Displacement measurements made over a period of several years with an array of three-point bore hole extensometers in the immediate and remote hanging wall zones of the Homestake Mine study site when compared with two and three dimensional finite element model displacements result in a three dimensional elastic properties scale factor that is only 80 percent of the two dimensional result. Thus, if circumstances do not justify the use of a two dimensional model for forward design analysis, then a three dimensional analysis cannot be avoided.
The validation and calibration of finite element models for design analysis are fundamental problems in rock mechanics. Although some progress is being made, no generally accepted theory yet exists that allows one to determine field scale rock mass properties from laboratory scale test data. Consequently, the identification of rock mass properties is usually done through comparisons of field measurements with estimates obtained from numerical models. Back-analysis of displacement data is, perhaps, the most common practical identification procedure in use. Young's modulus largely determines displacements within the elastic range, so that most back-analyses are used to determine rock mass elastic moduli. Within the elastic range, regression analysis of calculated on measured displacements is a simple but rigorous identification procedure (Cividini, et al, 1981). A high degree of linearity indicated by a high correlation coefficient validates the essential correctness of the model. The slope of the regression line is the scale factor for the elastic moduli (Pariseau, et al, 1985). The reason that scale factors are needed, of course, arises from the presence of discontinuities in the rock mass that are absent in laboratory test specimens. An important question in this regard concerns the differences in rock properties scale factors determined by back analysis of the same field data using two and three dimensional models. The question concerning the role of model dimensionality is not only theoretically interesting, but it is of considerable practical importance because of the much greater cost associated with any decision to require three dimensional design analyses. Reviews (Gioda, 1985; Gioda and Sakurai, 1987) of the identification problem and associated theory do not address this question. The approach to the problem in the present study is computationally oriented and consists of an extended series of two and three dimensional finite element analyses. Emphasis is on the analysis of displacements that were measured during a rock mechanics investigation in a deep, underground gold mine. This paper summarizes the results obtained to date.

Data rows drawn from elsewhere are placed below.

text \<open>Mass-lumped product of a piecewise continuous integrand, given through
  F j k = value of the integrand on element j at its node k (k = j-1 or j):
  (f,g)^h = h/2 sum_j [(fg)(q_j^-) + (fg)(q_(j-1)^+)].\<close>
definition lumped :: "nat \<Rightarrow> (nat \<Rightarrow> nat \<Rightarrow> real) \<Rightarrow> real" where
  "lumped J F = hstep J / 2 * (\<Sum>j\<in>{1..J}. F j j + F j (j - 1))"

definition pc_integral :: "nat \<Rightarrow> (nat \<Rightarrow> real) \<Rightarrow> real" where
  "pc_integral J c = (\<Sum>j\<in>{1..J}. hstep J * c j)"

text \<open>Contribution rho^(p) eta(p).e_(3-i) of an endpoint p in \<partial>_i I (i = 1,2).\<close>
fun bd_term :: "bc \<Rightarrow> real \<Rightarrow> vec2 \<Rightarrow> real" where
  "bd_term BC_1 r v = r * (v \<bullet> e2)"
| "bd_term BC_2 r v = r * (v \<bullet> e1)"
| "bd_term BC_D r v = 0"
| "bd_term BC_0 r v = 0"

definition bd_sum :: "bool \<Rightarrow> nat \<Rightarrow> bc \<Rightarrow> bc \<Rightarrow> real \<Rightarrow> real \<Rightarrow> (nat \<Rightarrow> vec2) \<Rightarrow> real" where
  "bd_sum per J bc0 bc1 r0 r1 eta =
     (if per then 0 else bd_term bc0 r0 (eta 0) + bd_term bc1 r1 (eta J))"

definition hvec :: "nat \<Rightarrow> (nat \<Rightarrow> vec2) \<Rightarrow> nat \<Rightarrow> vec2" where
  "hvec J X j = (if j = 0 then X J - X (J - 1) else X j - X (j - 1))"

definition parallel :: "vec2 \<Rightarrow> vec2 \<Rightarrow> bool" where
  "parallel u v \<longleftrightarrow> (\<exists>c::real. u = c *\<^sub>R v \<or> v = c *\<^sub>R u)"

end

theory Submission
  imports Defs
begin

text \<open>Test the weak equation with a vector \<open>v\<close> placed at a single node, where the edges
  \<open>A = h_(j-1)\<close> and \<open>B = h_j\<close> meet. The lumped curvature term becomes
  \<open>-\<kappa>/2 (A + B)\<^sup>\<perp> \<cdot> v\<close> and the stiffness term \<open>A \<cdot> v/|A| - B \<cdot> v/|B|\<close>. For \<open>v = A + B\<close>
  the curvature term vanishes, leaving \<open>(|A| - |B|) (|A| |B| - A \<cdot> B) = 0\<close>; if \<open>A\<close> and \<open>B\<close>
  are not parallel, the Cauchy-Schwarz inequality is strict and so \<open>|A| = |B|\<close>.\<close>

lemma perp_zero [simp]: "perp 0 = 0"
  by (simp add: perp_def vec_eq_iff)

lemma perp_add: "perp (x + y) = perp x + perp y"
  by (simp add: perp_def vec_eq_iff)

lemma perp_scaleR: "perp (c *\<^sub>R x) = c *\<^sub>R perp x"
  by (simp add: perp_def vec_eq_iff)

lemma inner_perp_self [simp]: "perp x \<bullet> x = 0"
  by (simp add: perp_def inner_vec_def sum_2)

lemma drho_eq: "drho J f j = real J *\<^sub>R (f j - f (j - 1))"
  by (simp add: drho_def hstep_def)

lemma hstep_mult_J: "J \<ge> 1 \<Longrightarrow> hstep J * real J = 1"
  by (simp add: hstep_def)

The Homestake Mining Company, the U.S. Bureau of Mines and the University of Utah initiated a cooperative rock mechanics study at the Homestake Mine in the Autumn of 1983. The mine is located in the state of South Dakota as shown in Figure 1. Three adjacent panels between the 6950 and 7100 Levels (feet below surface, about 2100 meters) were selected for the study and subsequently instrumented with three point bore hole extensometers and vibrating wire stress gages as shown in Figure 2.